== Segment start ==

definition In :: "nat \<Rightarrow> ('a::comm_ring_1 \<Rightarrow> 'a) \<Rightarrow> 'a set \<Rightarrow> nat \<Rightarrow> 'a set" where
  "In p \<delta> I n = ideal_gen {\<Prod>i\<le>n. (phi p \<delta> ^^ i) (x i) | x. \<forall>i\<le>n. x i \<in> I}"

definition prism :: "nat \<Rightarrow> ('a::comm_ring_1 \<Rightarrow> 'a) \<Rightarrow> 'a set \<Rightarrow> bool" where
  "prism p \<delta> I \<longleftrightarrow> delta_ring p \<delta> \<and> is_ideal I \<and> cartier_divisor I \<and>
     derived_complete (ideal_gen (insert (of_nat p) I)) \<and>
     (\<exists>x\<in>I. \<exists>y\<in>phiI p \<delta> I 1. of_nat p = x + y)"

definition transversal_prism :: "nat \<Rightarrow> ('a::comm_ring_1 \<Rightarrow> 'a) \<Rightarrow> 'a set \<Rightarrow> bool" where
  "transversal_prism p \<delta> I \<longleftrightarrow> prism p \<delta> I \<and> (\<forall>a. of_nat p * a \<in> I \<longrightarrow> a \<in> I)"

text \<open>Elements of A/I_n are represented by elements of A. The transversal coordinates
  of (the class of) y in A/I_n are the images of y in A/phi^i(I)A, i \<le> n.
  V and N are the maps given in transversal coordinates; since the transversal-coordinate
  map is injective, they are determined by these coordinates.\<close>

definition Vstep :: "nat \<Rightarrow> ('a::comm_ring_1 \<Rightarrow> 'a) \<Rightarrow> 'a set \<Rightarrow> nat \<Rightarrow> 'a \<Rightarrow> 'a" where
  "Vstep p \<delta> I n a = (SOME y. (\<forall>i\<le>n. y - of_nat p * a \<in> phiI p \<delta> I i) \<and> y \<in> phiI p \<delta> I (Suc n))"

definition Nstep :: "nat \<Rightarrow> ('a::comm_ring_1 \<Rightarrow> 'a) \<Rightarrow> 'a set \<Rightarrow> nat \<Rightarrow> 'a \<Rightarrow> 'a" where
  "Nstep p \<delta> I n a = (SOME y. (\<forall>i\<le>n. y - a ^ p \<in> phiI p \<delta> I i) \<and> y - phi p \<delta> a \<in> phiI p \<delta> I (Suc n))"

text \<open>Vcomp j d = V^(j+d)_j and Ncomp j d = N^(j+d)_j (composites from level j to level j+d).\<close>
fun Vcomp :: "nat \<Rightarrow> ('a::comm_ring_1 \<Rightarrow> 'a) \<Rightarrow> 'a set \<Rightarrow> nat \<Rightarrow> nat \<Rightarrow> 'a \<Rightarrow> 'a" where
  "Vcomp p \<delta> I j 0 a = a"
| "Vcomp p \<delta> I j (Suc d) a = Vstep p \<delta> I (j + d) (Vcomp p \<delta> I j d a)"

fun Ncomp :: "nat \<Rightarrow> ('a::comm_ring_1 \<Rightarrow> 'a) \<Rightarrow> 'a set \<Rightarrow> nat \<Rightarrow> nat \<Rightarrow> 'a \<Rightarrow> 'a" where
  "Ncomp p \<delta> I j 0 a = a"
| "Ncomp p \<delta> I j (Suc d) a = Nstep p \<delta> I (j + d) (Ncomp p \<delta> I j d a)"

definition ghost :: "nat \<Rightarrow> (nat \<Rightarrow> 'a::comm_ring_1) \<Rightarrow> nat \<Rightarrow> 'a" where
  "ghost p a i = (\<Sum>k\<le>i. of_nat p ^ k * a k ^ (p ^ (i - k)))"

definition cmap :: "nat \<Rightarrow> ('a::comm_ring_1 \<Rightarrow> 'a) \<Rightarrow> 'a set \<Rightarrow> nat \<Rightarrow> nat \<Rightarrow> (nat \<Rightarrow> 'a) \<Rightarrow> 'a" where
  "cmap p \<delta> I m n a = (\<Sum>i\<le>m. Vcomp p \<delta> I (m + n - i) i (Ncomp p \<delta> I n (m - i) (a i)))"

end

theory Submission
  imports Defs "HOL-Library.Set_Algebras"
begin

text \<open>
  In transversal coordinates, V^i multiplies the coordinates it keeps by p^i and kills the
  new ones, while N^d raises the first n+1 coordinates to the power p^d and puts
  phi^k(a)^(p^(d-k)) into coordinate n+k. Hence the i-th summand of c(a) is congruent to
  p^i a_i^(p^(m-i)) in the coordinates j \<le> n, which sum to w_m, and to
  p^i phi^k(a_i)^(p^(m-k-i)) (or to 0 if i > m-k) in coordinate n+k, which sum to
  phi^k(w_(m-k)).

  The substance is that the congruences specifying V and N are solvable, i.e. that
  p \<in> I_n + phi^(n+1)(I)A. Write J_k (phiI_pth_powers) for the ideal generated by the
  phi^k(z)^p, z \<in> I. From p \<in> I + phi(I)A, phi(z) = z^p + p delta(z), transversality and
  the fact that 1 + (p,I) consists of units, p is a unit multiple of an element of
  J_0 + phi(I)A; applying phi^n gives p \<in> J_n + phi^(n+1)(I)A. As
  J_(k+1) \<subseteq> J_k + p^p A and 1 - p^(p-1) c is a unit, p descends to J_k + phi^(n+1)(I)A
  for every k \<le> n. Finally J_k \<subseteq> I_k + phi^(n+1)(I)A by induction on k, using the
  previous step to replace p by an element of J_k inside phi^(k+1)(z) = phi^k(z)^p + p delta(phi^k(z)).
\<close>

section \<open>Ideals\<close>

lemma is_ideal_ideal_gen: "is_ideal (ideal_gen S)"
  unfolding is_ideal_def ideal_gen_def by auto

lemma subset_ideal_gen: "S \<subseteq> ideal_gen S"
  unfolding ideal_gen_def by auto

lemma ideal_gen_least: "is_ideal J \<Longrightarrow> S \<subseteq> J \<Longrightarrow> ideal_gen S \<subseteq> J"
  unfolding ideal_gen_def by auto

lemma is_ideal_zero: "is_ideal J \<Longrightarrow> 0 \<in> J"
  by (simp add: is_ideal_def)

lemma is_ideal_add: "is_ideal J \<Longrightarrow> x \<in> J \<Longrightarrow> y \<in> J \<Longrightarrow> x + y \<in> J"
  by (simp add: is_ideal_def)

lemma is_ideal_mult_left: "is_ideal J \<Longrightarrow> x \<in> J \<Longrightarrow> r * x \<in> J"
  by (simp add: is_ideal_def)

lemma is_ideal_mult_right: "is_ideal J \<Longrightarrow> x \<in> J \<Longrightarrow> x * r \<in> J"
  by (metis is_ideal_mult_left mult.commute)

lemma is_ideal_uminus: "is_ideal J \<Longrightarrow> x \<in> J \<Longrightarrow> - x \<in> J"
  using is_ideal_mult_left[of J x "- 1"] by simp

lemma is_ideal_power: "is_ideal J \<Longrightarrow> x \<in> J \<Longrightarrow> n \<noteq> 0 \<Longrightarrow> x ^ n \<in> J"
  by (cases n) (auto intro: is_ideal_mult_right)

lemma is_ideal_sum: "is_ideal J \<Longrightarrow> (\<And>i. i \<in> A \<Longrightarrow> f i \<in> J) \<Longrightarrow> sum f A \<in> J"
  by (induction A rule: infinite_finite_induct) (auto simp: is_ideal_zero is_ideal_add)

lemma is_ideal_sum_diff:
  "is_ideal J \<Longrightarrow> (\<And>i. i \<in> A \<Longrightarrow> f i - g i \<in> J) \<Longrightarrow> sum f A - sum g A \<in> J"
  using is_ideal_sum[of J A "\<lambda>i. f i - g i"] by (simp add: sum_subtractf)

== Segment end ==

From the entries above, work out how many lines include "induction"; the number is the only answer wanted.

_Task solution_.
2